Stored items from a collection:

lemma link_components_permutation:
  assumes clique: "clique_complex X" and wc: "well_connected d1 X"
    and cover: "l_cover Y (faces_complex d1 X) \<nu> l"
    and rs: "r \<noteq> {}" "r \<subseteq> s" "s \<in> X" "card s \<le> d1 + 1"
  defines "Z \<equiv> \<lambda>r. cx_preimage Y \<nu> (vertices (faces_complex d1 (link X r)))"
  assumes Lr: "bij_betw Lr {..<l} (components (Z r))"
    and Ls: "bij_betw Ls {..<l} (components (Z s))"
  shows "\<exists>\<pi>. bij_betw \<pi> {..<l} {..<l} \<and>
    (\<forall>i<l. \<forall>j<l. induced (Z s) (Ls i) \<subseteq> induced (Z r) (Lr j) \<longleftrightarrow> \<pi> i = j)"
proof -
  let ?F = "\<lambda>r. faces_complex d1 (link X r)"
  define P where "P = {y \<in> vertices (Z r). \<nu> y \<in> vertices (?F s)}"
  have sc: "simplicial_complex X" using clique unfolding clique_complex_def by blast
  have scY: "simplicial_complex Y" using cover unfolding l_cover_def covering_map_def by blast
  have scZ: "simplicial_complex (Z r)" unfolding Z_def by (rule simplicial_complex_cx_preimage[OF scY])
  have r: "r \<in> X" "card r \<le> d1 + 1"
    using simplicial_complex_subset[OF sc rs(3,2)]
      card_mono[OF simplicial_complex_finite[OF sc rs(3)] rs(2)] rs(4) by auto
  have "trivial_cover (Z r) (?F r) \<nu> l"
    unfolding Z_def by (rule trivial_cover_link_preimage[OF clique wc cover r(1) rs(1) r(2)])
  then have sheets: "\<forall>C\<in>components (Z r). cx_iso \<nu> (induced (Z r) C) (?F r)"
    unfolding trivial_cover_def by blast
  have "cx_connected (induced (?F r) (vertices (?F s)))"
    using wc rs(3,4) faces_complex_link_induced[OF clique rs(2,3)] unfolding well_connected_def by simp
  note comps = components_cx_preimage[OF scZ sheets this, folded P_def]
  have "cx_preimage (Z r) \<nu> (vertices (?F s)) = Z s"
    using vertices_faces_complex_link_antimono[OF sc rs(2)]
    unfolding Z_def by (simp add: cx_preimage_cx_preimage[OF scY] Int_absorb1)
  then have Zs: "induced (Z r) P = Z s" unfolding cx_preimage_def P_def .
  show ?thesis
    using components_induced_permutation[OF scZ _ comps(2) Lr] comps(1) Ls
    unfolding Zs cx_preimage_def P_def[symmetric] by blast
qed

---

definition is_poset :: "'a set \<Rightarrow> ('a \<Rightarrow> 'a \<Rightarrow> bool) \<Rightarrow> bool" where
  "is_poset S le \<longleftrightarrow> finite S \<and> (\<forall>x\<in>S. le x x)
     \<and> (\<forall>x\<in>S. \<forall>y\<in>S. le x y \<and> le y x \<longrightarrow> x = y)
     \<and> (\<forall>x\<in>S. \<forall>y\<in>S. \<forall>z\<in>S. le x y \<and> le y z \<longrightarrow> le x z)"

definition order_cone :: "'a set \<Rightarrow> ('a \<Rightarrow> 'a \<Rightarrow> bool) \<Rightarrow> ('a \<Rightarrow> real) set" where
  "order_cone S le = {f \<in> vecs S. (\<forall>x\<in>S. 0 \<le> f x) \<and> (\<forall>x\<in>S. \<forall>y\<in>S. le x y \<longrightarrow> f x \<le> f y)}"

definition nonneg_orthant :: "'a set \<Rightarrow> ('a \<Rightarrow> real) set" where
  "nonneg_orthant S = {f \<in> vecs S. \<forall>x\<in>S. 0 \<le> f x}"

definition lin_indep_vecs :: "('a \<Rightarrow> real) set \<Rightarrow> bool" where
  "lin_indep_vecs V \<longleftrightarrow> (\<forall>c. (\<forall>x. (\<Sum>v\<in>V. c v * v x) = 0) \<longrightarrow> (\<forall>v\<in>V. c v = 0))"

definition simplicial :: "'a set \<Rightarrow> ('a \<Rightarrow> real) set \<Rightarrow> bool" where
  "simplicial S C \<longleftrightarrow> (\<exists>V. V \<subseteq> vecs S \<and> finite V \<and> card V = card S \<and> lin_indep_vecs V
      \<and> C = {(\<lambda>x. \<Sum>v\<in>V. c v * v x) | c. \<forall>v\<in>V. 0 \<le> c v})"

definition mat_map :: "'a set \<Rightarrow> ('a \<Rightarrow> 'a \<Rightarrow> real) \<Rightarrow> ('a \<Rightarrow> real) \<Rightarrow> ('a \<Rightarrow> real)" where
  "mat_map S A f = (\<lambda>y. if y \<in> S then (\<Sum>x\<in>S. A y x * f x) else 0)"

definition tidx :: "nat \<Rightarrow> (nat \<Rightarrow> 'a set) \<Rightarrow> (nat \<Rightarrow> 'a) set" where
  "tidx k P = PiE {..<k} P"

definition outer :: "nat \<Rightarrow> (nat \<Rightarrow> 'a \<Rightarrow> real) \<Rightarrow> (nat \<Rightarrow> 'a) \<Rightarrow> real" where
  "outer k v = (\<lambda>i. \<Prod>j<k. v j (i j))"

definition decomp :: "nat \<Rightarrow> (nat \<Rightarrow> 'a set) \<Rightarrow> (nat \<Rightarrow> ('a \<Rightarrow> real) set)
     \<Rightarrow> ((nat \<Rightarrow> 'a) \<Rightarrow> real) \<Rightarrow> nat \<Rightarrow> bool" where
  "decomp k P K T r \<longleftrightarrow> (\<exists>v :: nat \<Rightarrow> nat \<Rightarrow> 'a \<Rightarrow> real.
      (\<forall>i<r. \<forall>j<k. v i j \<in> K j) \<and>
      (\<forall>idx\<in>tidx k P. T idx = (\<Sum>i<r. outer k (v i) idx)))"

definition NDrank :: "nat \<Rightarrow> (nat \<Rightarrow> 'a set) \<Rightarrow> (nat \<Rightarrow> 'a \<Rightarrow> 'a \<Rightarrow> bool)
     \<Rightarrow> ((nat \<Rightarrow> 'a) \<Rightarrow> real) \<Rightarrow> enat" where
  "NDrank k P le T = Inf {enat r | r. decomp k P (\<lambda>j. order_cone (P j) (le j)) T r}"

* * *

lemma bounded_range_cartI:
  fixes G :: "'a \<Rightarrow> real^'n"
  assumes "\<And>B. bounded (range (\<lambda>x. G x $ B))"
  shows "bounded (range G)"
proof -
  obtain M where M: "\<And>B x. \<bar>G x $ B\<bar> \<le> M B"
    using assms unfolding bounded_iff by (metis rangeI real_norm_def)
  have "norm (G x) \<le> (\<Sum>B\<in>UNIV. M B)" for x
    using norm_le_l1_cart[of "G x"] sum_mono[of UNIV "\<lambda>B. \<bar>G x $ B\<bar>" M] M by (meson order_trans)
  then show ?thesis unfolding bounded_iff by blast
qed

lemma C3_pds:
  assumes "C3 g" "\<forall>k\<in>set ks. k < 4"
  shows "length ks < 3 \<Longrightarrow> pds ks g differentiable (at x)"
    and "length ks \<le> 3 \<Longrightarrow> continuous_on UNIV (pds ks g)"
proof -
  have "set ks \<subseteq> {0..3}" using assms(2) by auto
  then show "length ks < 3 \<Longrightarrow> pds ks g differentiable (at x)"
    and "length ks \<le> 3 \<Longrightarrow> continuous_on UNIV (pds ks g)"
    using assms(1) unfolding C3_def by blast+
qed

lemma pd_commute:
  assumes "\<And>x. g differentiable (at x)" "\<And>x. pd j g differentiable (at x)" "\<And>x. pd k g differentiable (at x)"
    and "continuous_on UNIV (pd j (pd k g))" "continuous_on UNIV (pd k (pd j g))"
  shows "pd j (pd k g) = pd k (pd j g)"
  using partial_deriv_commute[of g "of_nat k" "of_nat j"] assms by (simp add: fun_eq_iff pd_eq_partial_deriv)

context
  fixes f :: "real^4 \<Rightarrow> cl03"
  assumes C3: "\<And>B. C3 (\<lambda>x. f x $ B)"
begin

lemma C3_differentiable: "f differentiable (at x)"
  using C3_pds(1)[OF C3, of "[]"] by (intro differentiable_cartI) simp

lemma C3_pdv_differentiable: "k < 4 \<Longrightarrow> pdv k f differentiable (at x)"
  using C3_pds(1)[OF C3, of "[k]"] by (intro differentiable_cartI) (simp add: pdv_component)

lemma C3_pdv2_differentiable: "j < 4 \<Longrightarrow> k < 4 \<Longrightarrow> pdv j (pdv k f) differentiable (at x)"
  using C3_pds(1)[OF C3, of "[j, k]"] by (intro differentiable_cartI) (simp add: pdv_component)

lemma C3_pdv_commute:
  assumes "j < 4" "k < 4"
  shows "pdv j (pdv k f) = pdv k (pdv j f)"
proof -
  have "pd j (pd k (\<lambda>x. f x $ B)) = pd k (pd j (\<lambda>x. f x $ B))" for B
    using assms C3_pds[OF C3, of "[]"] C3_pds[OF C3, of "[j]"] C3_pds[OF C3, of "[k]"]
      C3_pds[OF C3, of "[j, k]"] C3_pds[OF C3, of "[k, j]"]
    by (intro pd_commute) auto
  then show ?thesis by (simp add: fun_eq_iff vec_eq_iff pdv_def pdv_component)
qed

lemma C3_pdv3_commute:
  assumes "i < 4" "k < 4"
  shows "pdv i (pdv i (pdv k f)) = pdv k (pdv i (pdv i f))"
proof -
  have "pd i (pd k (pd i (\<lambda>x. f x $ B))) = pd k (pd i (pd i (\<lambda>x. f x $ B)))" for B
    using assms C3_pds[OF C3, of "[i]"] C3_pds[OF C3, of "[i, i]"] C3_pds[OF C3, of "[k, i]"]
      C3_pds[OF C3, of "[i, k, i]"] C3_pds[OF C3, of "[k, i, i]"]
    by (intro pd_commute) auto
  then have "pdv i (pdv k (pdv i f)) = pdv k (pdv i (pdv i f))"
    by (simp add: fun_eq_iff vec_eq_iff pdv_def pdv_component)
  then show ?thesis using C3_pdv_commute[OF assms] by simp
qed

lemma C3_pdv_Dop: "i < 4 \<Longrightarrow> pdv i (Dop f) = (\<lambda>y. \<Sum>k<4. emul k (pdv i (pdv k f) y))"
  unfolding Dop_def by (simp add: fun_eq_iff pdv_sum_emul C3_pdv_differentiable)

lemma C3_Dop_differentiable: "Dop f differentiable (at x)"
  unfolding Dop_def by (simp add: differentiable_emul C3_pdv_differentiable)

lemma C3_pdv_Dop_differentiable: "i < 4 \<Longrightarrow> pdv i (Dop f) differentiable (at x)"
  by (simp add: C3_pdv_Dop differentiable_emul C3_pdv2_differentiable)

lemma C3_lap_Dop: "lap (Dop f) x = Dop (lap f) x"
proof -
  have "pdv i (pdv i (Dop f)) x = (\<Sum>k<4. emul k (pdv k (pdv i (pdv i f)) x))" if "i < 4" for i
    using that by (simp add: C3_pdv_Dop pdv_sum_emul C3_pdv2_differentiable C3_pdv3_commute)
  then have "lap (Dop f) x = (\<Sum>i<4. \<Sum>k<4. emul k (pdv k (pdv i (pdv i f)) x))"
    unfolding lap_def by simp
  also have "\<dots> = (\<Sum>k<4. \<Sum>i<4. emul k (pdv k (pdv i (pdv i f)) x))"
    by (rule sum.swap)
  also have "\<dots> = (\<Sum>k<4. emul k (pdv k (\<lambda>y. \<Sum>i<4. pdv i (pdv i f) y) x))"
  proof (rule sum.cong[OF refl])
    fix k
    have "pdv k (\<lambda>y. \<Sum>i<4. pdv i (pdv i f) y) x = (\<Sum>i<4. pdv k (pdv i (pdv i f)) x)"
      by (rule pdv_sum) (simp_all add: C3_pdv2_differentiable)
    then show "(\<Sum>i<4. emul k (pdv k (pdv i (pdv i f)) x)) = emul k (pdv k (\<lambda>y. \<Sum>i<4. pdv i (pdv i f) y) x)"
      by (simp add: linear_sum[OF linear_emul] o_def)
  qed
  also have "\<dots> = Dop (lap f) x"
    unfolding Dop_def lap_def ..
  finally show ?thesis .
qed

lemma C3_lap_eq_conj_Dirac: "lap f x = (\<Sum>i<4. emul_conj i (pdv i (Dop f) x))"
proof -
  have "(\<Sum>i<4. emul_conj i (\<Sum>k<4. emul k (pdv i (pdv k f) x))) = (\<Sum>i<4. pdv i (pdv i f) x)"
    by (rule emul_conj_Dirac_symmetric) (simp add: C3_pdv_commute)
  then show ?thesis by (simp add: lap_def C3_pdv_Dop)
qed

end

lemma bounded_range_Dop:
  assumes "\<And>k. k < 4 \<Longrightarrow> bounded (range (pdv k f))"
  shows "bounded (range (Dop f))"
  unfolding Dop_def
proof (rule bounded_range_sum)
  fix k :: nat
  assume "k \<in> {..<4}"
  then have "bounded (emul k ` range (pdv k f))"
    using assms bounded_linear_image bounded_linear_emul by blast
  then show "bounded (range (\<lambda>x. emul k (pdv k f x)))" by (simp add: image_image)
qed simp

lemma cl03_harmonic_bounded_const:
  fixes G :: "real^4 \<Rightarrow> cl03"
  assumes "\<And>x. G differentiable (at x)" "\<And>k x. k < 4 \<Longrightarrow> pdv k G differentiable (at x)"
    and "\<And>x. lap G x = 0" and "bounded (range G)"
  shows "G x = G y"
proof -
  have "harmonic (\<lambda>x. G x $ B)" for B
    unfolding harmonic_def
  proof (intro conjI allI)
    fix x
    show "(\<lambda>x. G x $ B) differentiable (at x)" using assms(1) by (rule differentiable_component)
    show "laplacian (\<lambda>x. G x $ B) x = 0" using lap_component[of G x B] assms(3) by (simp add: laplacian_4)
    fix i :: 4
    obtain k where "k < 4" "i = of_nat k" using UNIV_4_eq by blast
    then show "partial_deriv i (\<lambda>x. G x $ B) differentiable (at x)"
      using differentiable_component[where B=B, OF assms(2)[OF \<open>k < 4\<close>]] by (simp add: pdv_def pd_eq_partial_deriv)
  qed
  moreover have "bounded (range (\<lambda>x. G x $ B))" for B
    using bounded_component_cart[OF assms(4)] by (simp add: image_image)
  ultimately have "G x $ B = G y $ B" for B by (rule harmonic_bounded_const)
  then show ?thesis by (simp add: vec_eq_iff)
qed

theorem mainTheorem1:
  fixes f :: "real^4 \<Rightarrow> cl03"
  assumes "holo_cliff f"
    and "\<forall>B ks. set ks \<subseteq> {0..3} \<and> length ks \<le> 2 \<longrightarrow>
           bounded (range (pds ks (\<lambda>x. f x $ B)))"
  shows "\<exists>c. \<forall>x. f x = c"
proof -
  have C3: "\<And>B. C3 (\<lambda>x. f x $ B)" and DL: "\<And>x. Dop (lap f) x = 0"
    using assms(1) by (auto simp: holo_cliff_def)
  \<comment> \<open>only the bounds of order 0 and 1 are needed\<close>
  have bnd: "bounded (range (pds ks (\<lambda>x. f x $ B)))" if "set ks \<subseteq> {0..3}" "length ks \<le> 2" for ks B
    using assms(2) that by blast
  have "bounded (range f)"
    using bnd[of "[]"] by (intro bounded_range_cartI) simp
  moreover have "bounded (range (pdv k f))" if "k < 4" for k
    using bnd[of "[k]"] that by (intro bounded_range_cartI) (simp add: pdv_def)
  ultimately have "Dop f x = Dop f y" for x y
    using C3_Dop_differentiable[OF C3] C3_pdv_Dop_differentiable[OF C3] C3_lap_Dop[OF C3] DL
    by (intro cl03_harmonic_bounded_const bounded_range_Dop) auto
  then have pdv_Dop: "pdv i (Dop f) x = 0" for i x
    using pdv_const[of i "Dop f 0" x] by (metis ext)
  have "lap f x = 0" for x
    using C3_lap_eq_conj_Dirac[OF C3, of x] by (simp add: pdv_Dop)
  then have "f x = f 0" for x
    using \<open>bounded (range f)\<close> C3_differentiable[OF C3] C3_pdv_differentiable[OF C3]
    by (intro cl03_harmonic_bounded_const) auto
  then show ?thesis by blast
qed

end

## Work request:
Write out, from the lines above, only those from the line with "(Dop f) differentiable" to the line with "unfolding lap_def by simp", exactly as given, including the first and the last.

## Written solution:
lemma C3_pdv_Dop_differentiable: "i < 4 \<Longrightarrow> pdv i (Dop f) differentiable (at x)"
  by (simp add: C3_pdv_Dop differentiable_emul C3_pdv2_differentiable)

lemma C3_lap_Dop: "lap (Dop f) x = Dop (lap f) x"
proof -
  have "pdv i (pdv i (Dop f)) x = (\<Sum>k<4. emul k (pdv k (pdv i (pdv i f)) x))" if "i < 4" for i
    using that by (simp add: C3_pdv_Dop pdv_sum_emul C3_pdv2_differentiable C3_pdv3_commute)
  then have "lap (Dop f) x = (\<Sum>i<4. \<Sum>k<4. emul k (pdv k (pdv i (pdv i f)) x))"
    unfolding lap_def by simp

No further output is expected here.